Task directions — Using the listing below, copy exactly the lines from the one containing "((\<lambda>s. (\<Sum>u\<in>S. p" to the one containing "section \<open>Assembly sequences\<close>", both lines included, and no others.

Data provided —

(* Consider Algorithm AUX with parameter $t_0$ on an instance satisfying the standing assumption, with an edge labeling as in the context. For every offline vertex $u$ and every $t\in[0,1]$, we have $f_u(t)\le f(t)$.
   Context: **Model.** Poisson arrival model. Each online type $i$ independently arrives according to a Poisson process of rate $\lambda_i$ on $[0,1]$. On arrival, a vertex is immediately and irrevocably matched to an unmatched offline neighbor or discarded. Each offline vertex is matched at most once. The instance is a bipartite graph $(I,J,E)$ with rates $\lambda_i>0$. **Standing assumption.** There are values $x_{ij}\ge0$ (an optimal Jaillet–Lu LP solution) with $\sum_i x_{ij}=1$ for all $j$, and each type is one of two kinds: - first-class: one neighbor $j$, with $x_{ij}=\lambda_i$; - second-class: two neighbors $j_1,j_2$, with $x_{ij_1}=x_{ij_2}=\lambda_i/2$. **Labeling.** Each edge is labeled first-class or second-class. Edges of first-class types are labeled first-class. For every $j$, the first-class-labeled edges at $j$ have total $x$-value $1-\ln2$. **Reference process.** $H$ has offline vertices $a,b$; a type of rate $2\ln2$ adjacent to both; and types of rate $1-\ln2$ adjacent only to $a$, resp. only to $b$. Algorithm RES with parameter $t_0$ works as follows: - single-neighbor arrivals are matched if their neighbor is unmatched; - a two-neighbor arrival at time $t>t_0$ with an unmatched neighbor is matched to a uniformly random unmatched neighbor. On $H$ under RES, $f(t)$ is the probability that a given offline vertex is matched by time $t$, $g(t)$ the probability both are, and $\bar g=1-g$. **Algorithm AUX (parameter $t_0$).** Under AUX: - $f_u(t)$ is the probability that offline $u$ is matched by time $t$, and $\bar f_u=1-f_u$; - $g'_{u,v}(t)$ is the probability that both $u$ and $v$ are unmatched at time $t$. Edges are used only if their offline endpoint is unmatched. - A first-class arrival is matched to its neighbor if possible. - A second-class arrival of type $i$ with neighbors $u,v$ chooses at most one edge, with disjoint probabilities: - each first-class-labeled edge $(i,u)$ with probability $1/2$; - if the arrival time is $t>t_0$, each second-class-labeled edge $(i,u)$ with probability $\frac12\min\{\bar g(t)/(2\bar f_u(t)-g'_{u,v}(t)),1\}$ if $v$ is unmatched, or $\min\{\bar g(t)/(2\bar f_u(t)-g'_{u,v}(t)),1\}$ if $v$ is matched. *)

theory Defs
  imports "HOL-Analysis.Analysis"
begin

text \<open>
  Continuous-time Markov chains on the state space of sets of matched offline
  vertices.  A state is the set S (a subset of the offline vertex set J) of
  matched offline vertices; r t S u is the instantaneous rate at which the
  unmatched offline vertex u becomes matched at time t when the current state
  is S.  p t S is the probability of being in state S at time t.
\<close>

definition kolmogorov ::
  "'j set \<Rightarrow> (real \<Rightarrow> 'j set \<Rightarrow> 'j \<Rightarrow> real) \<Rightarrow> (real \<Rightarrow> 'j set \<Rightarrow> real) \<Rightarrow> bool" where
  "kolmogorov J r p \<longleftrightarrow>
     (\<forall>t\<in>{0..1}. \<forall>S\<in>Pow J.
        ((\<lambda>s. (\<Sum>u\<in>S. p s (S - {u}) * r s (S - {u}) u) - p s S * (\<Sum>u\<in>J - S. r s S u))
          has_integral (p t S - (if S = {} then 1 else 0))) {0..t})"
(* In one dimension a tile attaches through a single cut, so between two occurrences of the
   same tile type the assembly can be repeated periodically: every cut of the periodic
   assembly is already a cut of the original one.  This pumping principle defeats any
   universal tile set U.  For k = |U| + 2, let the counter system have tiles c_0, ..., c_k,
   where c_i binds only to c_(i+1) on its east, and seed c_0 at the origin; its producible
   assemblies are the prefixes c_0 ... c_j.  A simulation at scale m confines the simulator's
   seed to positions below 2m (the seed is represented by block 0 and maps cleanly), and
   representing the full prefix forces a simulator tile at a position p >= m k.  Among the
   |U| + 1 positions just right of the seed some tile type repeats below p, so pumping yields
   a producible simulator assembly that is infinite to the right, which cannot map cleanly
   onto the bounded assemblies of the counter. *)

section \<open>Assembly sequences\<close>

lemma is_interval_atLeastAtMost: "is_interval {a..b}"
  by (auto simp: is_interval_def)

lemma is_interval_atLeastAtMost_subset:
  assumes "is_interval D" "a \<in> D" "b \<in> D"
  shows "{a..b} \<subseteq> D"
proof
  fix x
  assume "x \<in> {a..b}"
  then show "x \<in> D"
    using assms unfolding is_interval_def atLeastAtMost_iff by blast
qed

lemma finite_interval_eq_atLeastAtMost:
  assumes "is_interval D" "finite D" "D \<noteq> {}"
  shows "D = {Min D..Max D}"
  using is_interval_atLeastAtMost_subset[OF assms(1) Min_in Max_in] assms by auto

lemma stable_map_le: "stable \<tau> \<beta> \<Longrightarrow> \<alpha> \<subseteq>\<^sub>m \<beta> \<Longrightarrow> stable \<tau> \<alpha>"
  unfolding stable_def map_le_def by (metis domIff)

lemma restrict_map_le: "m |` A \<subseteq>\<^sub>m m"
  by (auto simp: map_le_def restrict_map_def)

lemma ran_map_le: "f \<subseteq>\<^sub>m g \<Longrightarrow> ran f \<subseteq> ran g"
  by (auto simp: map_le_def ran_def dom_def) (metis option.distinct(1))

lemma step_map_le: "step T \<tau> \<alpha> \<beta> \<Longrightarrow> \<alpha> \<subseteq>\<^sub>m \<beta>"
  by (auto simp: step_def map_le_def)

lemma reachable_map_le: "(step T \<tau>)\<^sup>*\<^sup>* \<alpha> \<beta> \<Longrightarrow> \<alpha> \<subseteq>\<^sub>m \<beta>"
  by (induction rule: rtranclp_induct) (auto dest: step_map_le intro: map_le_trans)

lemma reachable_assembly:
  assumes "(step T \<tau>)\<^sup>*\<^sup>* \<sigma> \<gamma>" "is_system T \<sigma> \<tau>"
  shows "is_assembly \<gamma> \<and> stable \<tau> \<gamma> \<and> ran \<gamma> \<subseteq> T"
  using assms(1)
proof (induction rule: rtranclp_induct)
  case base
  then show ?case using assms(2) by (simp add: is_system_def)
next
  case (step \<beta> \<gamma>)
  then show ?case by (auto simp: step_def)
qed

lemma step_attaches:
  assumes "step T \<tau> \<alpha> \<beta>" "dom \<alpha> \<noteq> {}"
  obtains x t where "t \<in> T" "\<alpha> x = None" "\<beta> = \<alpha>(x \<mapsto> t)" "stable \<tau> \<beta>"
    "x - 1 \<in> dom \<alpha> \<or> x + 1 \<in> dom \<alpha>"
proof -
  obtain x t where xt: "t \<in> T" "\<alpha> x = None" "\<beta> = \<alpha>(x \<mapsto> t)" "is_assembly \<beta>" "stable \<tau> \<beta>"
    using assms(1) unfolding step_def by blast
  obtain y where "y \<in> dom \<alpha>"
    using assms(2) by blast
  then have "y \<noteq> x" "y \<in> dom \<beta>" "x \<in> dom \<beta>"
    using xt(2,3) by auto
  have iv: "is_interval (dom \<beta>)"
    using xt(4) by (simp add: is_assembly_def)
  have "x - 1 \<in> dom \<beta> \<or> x + 1 \<in> dom \<beta>"
  proof (cases "y < x")
    case True
    then have "x - 1 \<in> {y..x}"
      by simp
    then show ?thesis
      using is_interval_atLeastAtMost_subset[OF iv \<open>y \<in> dom \<beta>\<close> \<open>x \<in> dom \<beta>\<close>] by blast
  next
    case False
    then have "x + 1 \<in> {x..y}"
      using \<open>y \<noteq> x\<close> by simp
    then show ?thesis
      using is_interval_atLeastAtMost_subset[OF iv \<open>x \<in> dom \<beta>\<close> \<open>y \<in> dom \<beta>\<close>] by blast
  qed
  then have "x - 1 \<in> dom \<alpha> \<or> x + 1 \<in> dom \<alpha>"
    using xt(3) by auto
  then show ?thesis
    using that xt by blast
qed

lemma seq_limit_at: "seq_limit f \<beta> \<Longrightarrow> f i x = Some t \<Longrightarrow> \<beta> x = Some t"
  unfolding seq_limit_def by (metis option.distinct(1))

lemma produces_map_le:
  assumes "produces T \<tau> \<alpha> \<beta>"
  shows "\<alpha> \<subseteq>\<^sub>m \<beta>"
proof -
  consider "(step T \<tau>)\<^sup>*\<^sup>* \<alpha> \<beta>" | f where "f 0 = \<alpha>" "seq_limit f \<beta>"
    using assms unfolding produces_def by blast
  then show ?thesis
  proof cases
    case 1
    then show ?thesis by (rule reachable_map_le)
  next
    case 2
    then show ?thesis unfolding map_le_def using seq_limit_at[of f \<beta> 0] by fastforce
  qed
qed

lemma produces_tile_reachable:
  assumes "produces T \<tau> \<alpha> \<beta>" "\<beta> x = Some t"
  shows "\<exists>\<gamma>. (step T \<tau>)\<^sup>*\<^sup>* \<alpha> \<gamma> \<and> \<gamma> x = Some t"
  using assms(1) unfolding produces_def
proof
  assume "\<exists>f. f 0 = \<alpha> \<and> (\<forall>i. step T \<tau> (f i) (f (Suc i))) \<and> seq_limit f \<beta>"
  then obtain f where f: "f 0 = \<alpha>" "\<And>i. step T \<tau> (f i) (f (Suc i))" "seq_limit f \<beta>"
    by blast
  obtain i where "f i x = Some t"
    using f(3) assms(2) unfolding seq_limit_def by (metis option.distinct(1))
  moreover have "(step T \<tau>)\<^sup>*\<^sup>* (f 0) (f i)"
    by (induction i) (auto intro: rtranclp.rtrancl_into_rtrancl f(2))
  ultimately show ?thesis using f(1) by blast
qed (use assms(2) in blast)

lemma seed_producible: "\<sigma> \<in> prodA T \<sigma> \<tau>"
  by (simp add: prodA_def produces_def)
section \<open>A generating tree for the gapped avoiders\<close>

definition shift_up :: "nat \<Rightarrow> nat \<Rightarrow> nat" where
  "shift_up v y = (if y < v then y else Suc y)"

definition shift_down :: "nat \<Rightarrow> nat \<Rightarrow> nat" where
  "shift_down v w = (if w \<le> v then w else w - 1)"

definition prepend :: "nat \<Rightarrow> nat list \<Rightarrow> nat list" where
  "prepend v p = v # map (shift_up v) p"

lemma shift_up_less_iff [simp]: "shift_up v x < shift_up v y \<longleftrightarrow> x < y"
  by (simp add: shift_up_def)

lemma less_shift_up_iff [simp]: "v < shift_up v y \<longleftrightarrow> v \<le> y"
  by (simp add: shift_up_def)

lemma le_shift_up_iff [simp]: "w \<le> shift_up v y \<longleftrightarrow> shift_down v w \<le> y"
  by (auto simp: shift_up_def shift_down_def)

lemma shift_down_shift_up [simp]: "shift_down v (shift_up v y) = y"
  by (simp add: shift_up_def shift_down_def)

lemma shift_up_shift_down: "w \<noteq> v \<Longrightarrow> shift_up v (shift_down v w) = w"
  by (auto simp: shift_up_def shift_down_def)

lemma inj_shift_up: "inj (shift_up v)"
  by (metis injI shift_down_shift_up)

lemma shift_up_image:
  assumes "v \<le> m"
  shows "shift_up v ` {0..<m} = {0..<Suc m} - {v}"
proof
  show "{0..<Suc m} - {v} \<subseteq> shift_up v ` {0..<m}"
  proof
    fix w assume "w \<in> {0..<Suc m} - {v}"
    then have "w = shift_up v (shift_down v w)" "shift_down v w \<in> {0..<m}"
      using assms shift_up_shift_down[of w v] by (auto simp: shift_down_def)
    then show "w \<in> shift_up v ` {0..<m}" by blast
  qed
qed (auto simp: shift_up_def)

lemma permutations_of_set_Suc:
  "permutations_of_set {0..<Suc m} = (\<lambda>(p, v). prepend v p) ` (permutations_of_set {0..<m} \<times> {..m})"
proof -
  have "permutations_of_set ({0..<Suc m} - {v}) = map (shift_up v) ` permutations_of_set {0..<m}"
    if "v \<le> m" for v
    using permutations_of_set_image_inj[OF inj_on_subset[OF inj_shift_up]] shift_up_image[OF that]
    by (metis subset_UNIV)
  then show ?thesis
    by (subst permutations_of_set_nonempty) (auto simp: prepend_def image_image less_Suc_eq_le)
qed

lemma inj_prepend: "inj (\<lambda>(p, v). prepend v p)"
  by (rule injI) (auto simp: prepend_def inj_map_eq_map[OF inj_shift_up])

definition slot_ok :: "pattern3 \<Rightarrow> nat \<Rightarrow> nat list \<Rightarrow> bool" where
  "slot_ok P v p \<longleftrightarrow> \<not> heads_occurrence P v (map (shift_up v) p)"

Solution for this problem —
        ((\<lambda>s. (\<Sum>u\<in>S. p s (S - {u}) * r s (S - {u}) u) - p s S * (\<Sum>u\<in>J - S. r s S u))
          has_integral (p t S - (if S = {} then 1 else 0))) {0..t})"
(* In one dimension a tile attaches through a single cut, so between two occurrences of the
   same tile type the assembly can be repeated periodically: every cut of the periodic
   assembly is already a cut of the original one.  This pumping principle defeats any
   universal tile set U.  For k = |U| + 2, let the counter system have tiles c_0, ..., c_k,
   where c_i binds only to c_(i+1) on its east, and seed c_0 at the origin; its producible
   assemblies are the prefixes c_0 ... c_j.  A simulation at scale m confines the simulator's
   seed to positions below 2m (the seed is represented by block 0 and maps cleanly), and
   representing the full prefix forces a simulator tile at a position p >= m k.  Among the
   |U| + 1 positions just right of the seed some tile type repeats below p, so pumping yields
   a producible simulator assembly that is infinite to the right, which cannot map cleanly
   onto the bounded assemblies of the counter. *)

section \<open>Assembly sequences\<close>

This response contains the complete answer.